Simulations are currently available only for developer API users (Human users will have access to a user friendly version shortly, please stay up to date by following streamOS for product updates)
- How simulations are setup ?
- Running simulations
- Viewing Results
Use the code here Sample Code and run them against the /sim/... endpoints
How simluations are setup ?
Simulation environments bootstrap with all contracts, customers and products from your production environment.
The /sim endpoints are simulation events and perform the same work as described in other sections except that they do not store data in production and are ephemeral (state recycles around system restarts etc.). Although our systems are largely up, state will be reset around system upgrades and catastrophical updates (like AWS going down)
Running simulations
Running simulations are almost exactly like working in a production environment except for a few changes -
- Usage: do not upload usage as you would regularly to your usage endpoint - instead structure your usage dataframe and pass it directly in to the /run endpoint as referenced here
response = client.post(f'/contracts/{org_id}/factory/run', json={'usage': [{'date': '2024-02-29', 'product_id': product_id, 'contract_id': product_contract_id, 'quantity': 100}] })

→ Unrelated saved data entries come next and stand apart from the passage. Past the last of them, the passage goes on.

lemma sem_star_vars_iff:
  assumes \<rho>: "\<forall>a. \<rho> a \<in> IRel 1"
  shows "[H] \<in> sem I 1 \<eta> \<rho> (star_vars \<phi> xs) \<longleftrightarrow>
    (\<exists>g fs. length fs = length xs \<and> [g] \<in> sem I 1 \<eta> \<rho> \<phi> \<and>
       (\<forall>q<length xs. [fs!q] \<in> \<rho> (xs!q)) \<and> splits H g fs)"
proof (induction xs arbitrary: H rule: rev_induct)
  case Nil
  show ?case by (simp add: splits_Nil)
next
  case (snoc a xs)
  have Heaps: "\<forall>a. \<rho> a \<subseteq> Heaps 1"
    using IRel1_subset_Heaps[OF \<rho>] .
  note sep_iff = sep_singleton_iff[OF sem_subset_Heaps[OF Heaps] Heaps[rule_format]]
  have "[H] \<in> sem I 1 \<eta> \<rho> (star_vars \<phi> (xs @ [a])) \<longleftrightarrow>
      (\<exists>F f. [F] \<in> sem I 1 \<eta> \<rho> (star_vars \<phi> xs) \<and> [f] \<in> \<rho> a \<and> dom F \<inter> dom f = {} \<and> H = F ++ f)"
    by (simp only: star_vars_snoc sem.simps sep_iff)
  also have "\<dots> \<longleftrightarrow> (\<exists>g fs f. length fs = length xs \<and> [g] \<in> sem I 1 \<eta> \<rho> \<phi> \<and>
      ((\<forall>q<length xs. [fs!q] \<in> \<rho> (xs!q)) \<and> [f] \<in> \<rho> a) \<and> splits H g (fs @ [f]))"
    unfolding snoc.IH splits_snoc by blast
  also have "\<dots> \<longleftrightarrow> (\<exists>g fs. length fs = length (xs @ [a]) \<and> [g] \<in> sem I 1 \<eta> \<rho> \<phi> \<and>
      (\<forall>q<length (xs @ [a]). [fs!q] \<in> \<rho> ((xs @ [a])!q)) \<and> splits H g fs)"
    unfolding length_append_singleton ex_length_Suc_iff_snoc
    by (intro ex_cong1 conj_cong refl) (auto simp: nth_append less_Suc_eq)
  finally show ?case .
qed

lemma splits_restrict_blocks:
  assumes sub: "\<forall>q<n. B q \<subseteq> dom H" and disj: "\<forall>q<n. \<forall>q'<n. q \<noteq> q' \<longrightarrow> B q \<inter> B q' = {}"
  shows "splits H (H |` (- (\<Union>q<n. B q))) (map (\<lambda>q. H |` B q) [0..<n])"
  unfolding splits_def
proof (intro conjI)
  show "H |` (- (\<Union>q<n. B q)) \<subseteq>\<^sub>m H" "\<forall>f\<in>set (map (\<lambda>q. H |` B q) [0..<n]). f \<subseteq>\<^sub>m H"
    by (auto simp: map_le_def)
  show "dom H = dom (H |` (- (\<Union>q<n. B q))) \<union> (\<Union>f\<in>set (map (\<lambda>q. H |` B q) [0..<n]). dom f)"
    using sub by auto
  show "\<forall>f\<in>set (map (\<lambda>q. H |` B q) [0..<n]). dom (H |` (- (\<Union>q<n. B q))) \<inter> dom f = {}"
    by auto
  show "\<forall>q<length (map (\<lambda>q. H |` B q) [0..<n]). \<forall>q'<length (map (\<lambda>q. H |` B q) [0..<n]).
      q \<noteq> q' \<longrightarrow> dom (map (\<lambda>q. H |` B q) [0..<n] ! q) \<inter> dom (map (\<lambda>q. H |` B q) [0..<n] ! q') = {}"
    using disj by auto
qed

definition positions_in :: "'a set \<Rightarrow> 'a list \<Rightarrow> nat set" where
  "positions_in C xs = {p. p < length xs \<and> xs ! p \<in> C}"

lemma finite_positions_in [simp]: "finite (positions_in C xs)"
  by (simp add: positions_in_def)

lemma count_list_eq_card_positions_in: "count_list xs c = card (positions_in {c} xs)"
  by (simp add: positions_in_def count_list_eq_length_filter length_filter_conv_card eq_commute)

lemma positions_in_singleton_subset: "c \<in> C \<Longrightarrow> positions_in {c} xs \<subseteq> positions_in C xs"
  by (auto simp: positions_in_def)

lemma positions_in_nonempty:
  assumes "c \<in> C" "count_list xs c > 0"
  shows "positions_in C xs \<noteq> {}"
proof -
  have "positions_in {c} xs \<noteq> {}"
    using assms(2) by (intro notI) (simp add: count_list_eq_card_positions_in)
  then show ?thesis
    using positions_in_singleton_subset[OF assms(1)] by blast
qed

context
  fixes f :: "nat \<Rightarrow> nat" and C :: "'a set" and xs ys :: "'a list"
  assumes inj: "inj_on f (positions_in C xs)"
    and label: "\<forall>q\<in>positions_in C xs. f q < length ys \<and> ys ! f q = xs ! q"
begin

lemma image_positions_in_singleton: "c \<in> C \<Longrightarrow> f ` positions_in {c} xs \<subseteq> positions_in {c} ys"
  using label positions_in_singleton_subset by (fastforce simp: positions_in_def)

lemma count_list_le_if_inj_on_positions: "c \<in> C \<Longrightarrow> count_list xs c \<le> count_list ys c"
  unfolding count_list_eq_card_positions_in
  using card_inj_on_le[OF inj_on_subset[OF inj positions_in_singleton_subset]
      image_positions_in_singleton finite_positions_in] .

lemma image_positions_in_if_counts_eq:
  assumes eq: "\<forall>c\<in>C. count_list xs c = count_list ys c"
  shows "f ` positions_in C xs = positions_in C ys"
proof
  show "f ` positions_in C xs \<subseteq> positions_in C ys"
    using label by (auto simp: positions_in_def)
  show "positions_in C ys \<subseteq> f ` positions_in C xs"
  proof
    fix p assume p: "p \<in> positions_in C ys"
    define c where "c = ys ! p"
    have c: "c \<in> C"
      using p by (simp add: positions_in_def c_def)
    have "card (f ` positions_in {c} xs) = card (positions_in {c} ys)"
      using eq c card_image[OF inj_on_subset[OF inj positions_in_singleton_subset[OF c]]]
      by (simp add: count_list_eq_card_positions_in)
    then have "f ` positions_in {c} xs = positions_in {c} ys"
      using card_subset_eq[OF finite_positions_in image_positions_in_singleton[OF c]] by simp
    moreover have "p \<in> positions_in {c} ys"
      using p by (simp add: positions_in_def c_def)
    ultimately show "p \<in> f ` positions_in C xs"
      using positions_in_singleton_subset[OF c] by blast
  qed
qed

end

section \<open>Tilings\<close>

locale tiling =
  fixes M :: nat and Pos :: "nat \<Rightarrow> nat set" and hs :: "heap list" and H :: heap
    and D :: "nat \<Rightarrow> nat \<Rightarrow> nat set"
  assumes is_heap: "is_heap H"
    and map_le_H: "i < M \<Longrightarrow> hs ! i \<subseteq>\<^sub>m H"
    and block_subset: "D i p \<subseteq> dom H"
    and blocks_disjoint: "p \<noteq> p' \<Longrightarrow> D i p \<inter> D i p' = {}"
    and block_fresh: "i < M \<Longrightarrow> D i p \<inter> dom (hs ! i) = {}"
    and blocks_cover: "i < M \<Longrightarrow> Pos i \<noteq> {} \<Longrightarrow> dom H - dom (hs ! i) \<subseteq> (\<Union>p\<in>Pos i. D i p)"
    and blocks_meet: "i < M \<Longrightarrow> i' < M \<Longrightarrow> p \<in> Pos i \<Longrightarrow> p' \<in> Pos i' \<Longrightarrow>
      (i = i' \<Longrightarrow> p = p') \<Longrightarrow> D i p \<inter> D i' p' \<noteq> {}"

definition selectors :: "nat \<Rightarrow> (nat \<Rightarrow> nat set) \<Rightarrow> nat list set" where
  "selectors M A = {\<sigma>. length \<sigma> = M \<and> (\<forall>i<M. \<sigma> ! i \<in> A i)}"

lemma finite_selectors:
  assumes "\<forall>i<M. finite (A i)"
  shows "finite (selectors M A)"
proof (rule finite_subset)
  show "selectors M A \<subseteq> {\<sigma>. set \<sigma> \<subseteq> (\<Union>i<M. A i) \<and> length \<sigma> = M}"
    unfolding selectors_def by (force simp: in_set_conv_nth)
  show "finite {\<sigma>. set \<sigma> \<subseteq> (\<Union>i<M. A i) \<and> length \<sigma> = M}"
    using assms by (intro finite_lists_length_eq) auto
qed

lemma selectors_through_two:
  assumes "\<forall>k<M. A k \<noteq> {}" "i < M" "i' < M" "p \<in> A i" "p' \<in> A i'" "i = i' \<Longrightarrow> p = p'"
  shows "\<exists>\<sigma>\<in>selectors M A. \<sigma> ! i = p \<and> \<sigma> ! i' = p'"
proof
  let ?\<sigma> = "map (\<lambda>k. if k = i then p else if k = i' then p' else SOME x. x \<in> A k) [0..<M]"
  show "?\<sigma> \<in> selectors M A"
    using assms by (auto simp: selectors_def some_in_eq)
  show "?\<sigma> ! i = p \<and> ?\<sigma> ! i' = p'"
    using assms(2,3,6) by (cases "i = i'") simp_all
qed
lemma gen_fun_iterates_tendsto_fixpoint:
  obtains L where "(\<lambda>n. (gen_fun P e ^^ n) 0) \<longlonglongrightarrow> L" "0 \<le> L" "L \<le> 1" "gen_fun P e L = L"
proof -
  let ?f = "gen_fun P e" let ?t = "\<lambda>n. (?f ^^ n) 0"
  have "?t n \<le> ?t (Suc n)" for n
  proof (induction n)
    case (Suc n)
    have "?f (?t n) \<le> ?f (?t (Suc n))"
      using Suc gen_fun_iterates_unit_interval[of n] gen_fun_iterates_unit_interval[of "Suc n"]
      by (intro gen_fun_mono) simp_all
    then show ?case by simp
  qed (simp add: gen_fun_unit_interval)
  then have "incseq ?t" by (rule incseq_SucI)
  then obtain L where lim: "?t \<longlonglongrightarrow> L"
    using incseq_convergent[of ?t 1] gen_fun_iterates_unit_interval by blast
  have L: "0 \<le> L" "L \<le> 1"
    using gen_fun_iterates_unit_interval
    by (auto intro: LIMSEQ_le_const[OF lim] LIMSEQ_le_const2[OF lim])
  have "(\<lambda>n. ?f (?t n)) \<longlonglongrightarrow> ?f L"
    using gen_fun_iterates_unit_interval lim by (rule gen_fun_tendsto)
  moreover have "(\<lambda>n. ?f (?t n)) \<longlonglongrightarrow> L"
    using LIMSEQ_Suc[OF lim] by simp
  ultimately have "?f L = L" by (rule LIMSEQ_unique)
  with lim L that show ?thesis by blast
qed

end

section \<open>Independence along the tree\<close>

locale cone_percolation = prob_space M + periodic_tree d
  for M :: "'a measure" and d :: "nat list" +
  fixes R :: "nat list \<Rightarrow> 'a \<Rightarrow> nat" and P :: "nat pmf"
  assumes indep_radii: "indep_vars (\<lambda>_. count_space UNIV) R (ptree d)"
    and distr_radius: "\<forall>v\<in>ptree d. distr M (count_space UNIV) (R v) = measure_pmf P"
begin

definition subtree :: "nat list \<Rightarrow> nat list set" where
  "subtree w = {u \<in> ptree d. prefix w u}"

definition radius_sets :: "nat list \<Rightarrow> 'a set set" where
  "radius_sets u = {R u -` A \<inter> space M | A. True}"

definition radii_sigma :: "nat list set \<Rightarrow> 'a set set" where
  "radii_sigma U = sigma_sets (space M) (\<Union>u\<in>U. radius_sets u)"

lemma subtree_subset_ptree: "subtree w \<subseteq> ptree d"
  unfolding subtree_def by auto

lemma mem_subtree_self: "w \<in> ptree d \<Longrightarrow> w \<in> subtree w"
  unfolding subtree_def by auto

lemma subtree_child_subset: "subtree (w @ [j]) \<subseteq> subtree w - {w}"
  unfolding subtree_def prefix_def by auto

lemma disjoint_subtree_children: "i \<noteq> j \<Longrightarrow> subtree (w @ [i]) \<inter> subtree (w @ [j]) = {}"
  unfolding subtree_def by (auto simp: prefix_def)

lemma radius_sets_subset_Pow: "radius_sets u \<subseteq> Pow (space M)"
  unfolding radius_sets_def by auto

lemma sigma_algebra_radii_sigma: "sigma_algebra (space M) (radii_sigma U)"
  unfolding radii_sigma_def
  by (rule sigma_algebra_sigma_sets) (use radius_sets_subset_Pow in blast)

lemma measurable_radius: "v \<in> ptree d \<Longrightarrow> R v \<in> measurable M (count_space UNIV)"
  using indep_radii unfolding indep_vars_def2 by auto

lemma radius_sets_subset_events: "v \<in> ptree d \<Longrightarrow> radius_sets v \<subseteq> events"
  unfolding radius_sets_def using measurable_radius by (auto intro: measurable_sets)

lemma radii_sigma_subset_events: "U \<subseteq> ptree d \<Longrightarrow> radii_sigma U \<subseteq> events"
  unfolding radii_sigma_def
  by (rule sets.sigma_sets_subset) (use radius_sets_subset_events in blast)

lemma radii_sigma_mono: "U \<subseteq> V \<Longrightarrow> radii_sigma U \<subseteq> radii_sigma V"
  unfolding radii_sigma_def by (rule sigma_sets_mono') blast

lemma radius_eq_in_radii_sigma: "w \<in> U \<Longrightarrow> {\<omega> \<in> space M. R w \<omega> = r} \<in> radii_sigma U"
proof -
  assume "w \<in> U"
  have "{\<omega> \<in> space M. R w \<omega> = r} = R w -` {r} \<inter> space M" by auto
  also have "\<dots> \<in> radius_sets w" unfolding radius_sets_def by blast
  finally show ?thesis
    using \<open>w \<in> U\<close> unfolding radii_sigma_def by (auto intro: sigma_sets.Basic)
qed

lemma case_radius_in_radii_sigma:
  assumes "w \<in> U" "\<And>r. B r \<in> radii_sigma U"
  shows "{\<omega> \<in> space M. \<omega> \<in> B (R w \<omega>)} \<in> radii_sigma U"
proof -
  interpret sigma_algebra "space M" "radii_sigma U" by (rule sigma_algebra_radii_sigma)
  have "{\<omega> \<in> space M. \<omega> \<in> B (R w \<omega>)} = (\<Union>r. {\<omega> \<in> space M. R w \<omega> = r} \<inter> B r)" by auto
  also have "\<dots> \<in> radii_sigma U" using radius_eq_in_radii_sigma[OF assms(1)] assms(2) by auto
  finally show ?thesis .
qed

lemma indep_sets_radius_sets: "indep_sets radius_sets (ptree d)"
  using indep_radii unfolding indep_vars_def2 radius_sets_def by simp

lemma Int_stable_radius_sets: "Int_stable (radius_sets u)"
  unfolding Int_stable_def radius_sets_def
proof (intro ballI)
  fix X Y assume "X \<in> {R u -` A \<inter> space M |A. True}" "Y \<in> {R u -` A \<inter> space M |A. True}"
  then obtain A B where "X = R u -` A \<inter> space M" "Y = R u -` B \<inter> space M" by blast
  then have "X \<inter> Y = R u -` (A \<inter> B) \<inter> space M" by auto
  then show "X \<inter> Y \<in> {R u -` A \<inter> space M |A. True}" by blast
qed

lemma indep_sets_radii_sigma:
  assumes "disjoint_family_on U I" "\<Union> (U ` I) \<subseteq> ptree d"
  shows "indep_sets (\<lambda>i. radii_sigma (U i)) I"
  unfolding radii_sigma_def
  using indep_sets_mono_index[OF assms(2) indep_sets_radius_sets] Int_stable_radius_sets assms(1)
  by (rule indep_sets_collect_sigma)

lemma prob_radius_eq: "w \<in> ptree d \<Longrightarrow> prob {\<omega> \<in> space M. R w \<omega> = r} = pmf P r"
proof -
  assume w: "w \<in> ptree d"
  have "prob {\<omega> \<in> space M. R w \<omega> = r} = measure (distr M (count_space UNIV) (R w)) {r}"
    using measurable_radius[OF w] by (subst measure_distr) (auto intro: arg_cong[where f=prob])
  also have "\<dots> = pmf P r" using distr_radius w by (simp add: measure_pmf_single)
  finally show ?thesis .
qed

text \<open>Conditioning on the radius at w: the rest of the subtree of w is independent of it.\<close>

lemma case_radius_sums:
  assumes w: "w \<in> ptree d" and B: "\<And>r. B r \<in> radii_sigma (subtree w - {w})"
  shows "(\<lambda>r. pmf P r * prob (B r)) sums prob {\<omega> \<in> space M. \<omega> \<in> B (R w \<omega>)}"
proof -
  let ?C = "\<lambda>r. {\<omega> \<in> space M. R w \<omega> = r} \<inter> B r"
  have indep: "indep_sets (\<lambda>b. radii_sigma (if b then {w} else subtree w - {w})) UNIV"
    using w subtree_subset_ptree by (intro indep_sets_radii_sigma) (auto simp: disjoint_family_on_def)
  have prob_C: "prob (?C r) = pmf P r * prob (B r)" for r
  proof -
    let ?A = "\<lambda>b. if b then {\<omega> \<in> space M. R w \<omega> = r} else B r"
    have "prob (\<Inter>b\<in>UNIV. ?A b) = (\<Prod>b\<in>UNIV. prob (?A b))"
      by (rule indep_setsD[OF indep]) (use radius_eq_in_radii_sigma[of w "{w}"] B in auto)
    then show ?thesis using prob_radius_eq[OF w] by (simp add: UNIV_bool Int_commute)
  qed
  have "?C r \<in> events" for r
  proof -
    interpret sigma_algebra "space M" "radii_sigma (subtree w)" by (rule sigma_algebra_radii_sigma)
    have "?C r \<in> radii_sigma (subtree w)"
      using radius_eq_in_radii_sigma[OF mem_subtree_self[OF w]]
        radii_sigma_mono[of "subtree w - {w}" "subtree w"] B by blast
    then show ?thesis using radii_sigma_subset_events[OF subtree_subset_ptree] by blast
  qed
  then have "(\<lambda>r. prob (?C r)) sums prob (\<Union>r. ?C r)"
    by (intro finite_measure_UNION) (auto simp: disjoint_family_on_def)
  moreover have "(\<Union>r. ?C r) = {\<omega> \<in> space M. \<omega> \<in> B (R w \<omega>)}" by auto
  ultimately show ?thesis by (simp add: prob_C)
qed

customer_id: Specify the customer_id of the customer you would like to run the contracts for
contract_id: Specify the contract_id of the contract you would like to run
Please ensure that the contract_id in the usage schema is the contract_id of the Product Contract that wraps that product referenced.
Viewing Results
Results of simulations are returned from here.
This is a pandas.multiindex dataframe once unpacked - with column headers reflecting each level of the contract that produces results:
**index:** datetime index of charges events
**columns:** [Parent Contract Info]
[Sub Contract Info] [total amount of parent]
[Plan Info] [total amount of sub contract]
[unit amount] [quantity] [total amount]
The way to process this information is to unwrap columns at each level and process the remaining dataframe to inspect details of how the prices were created.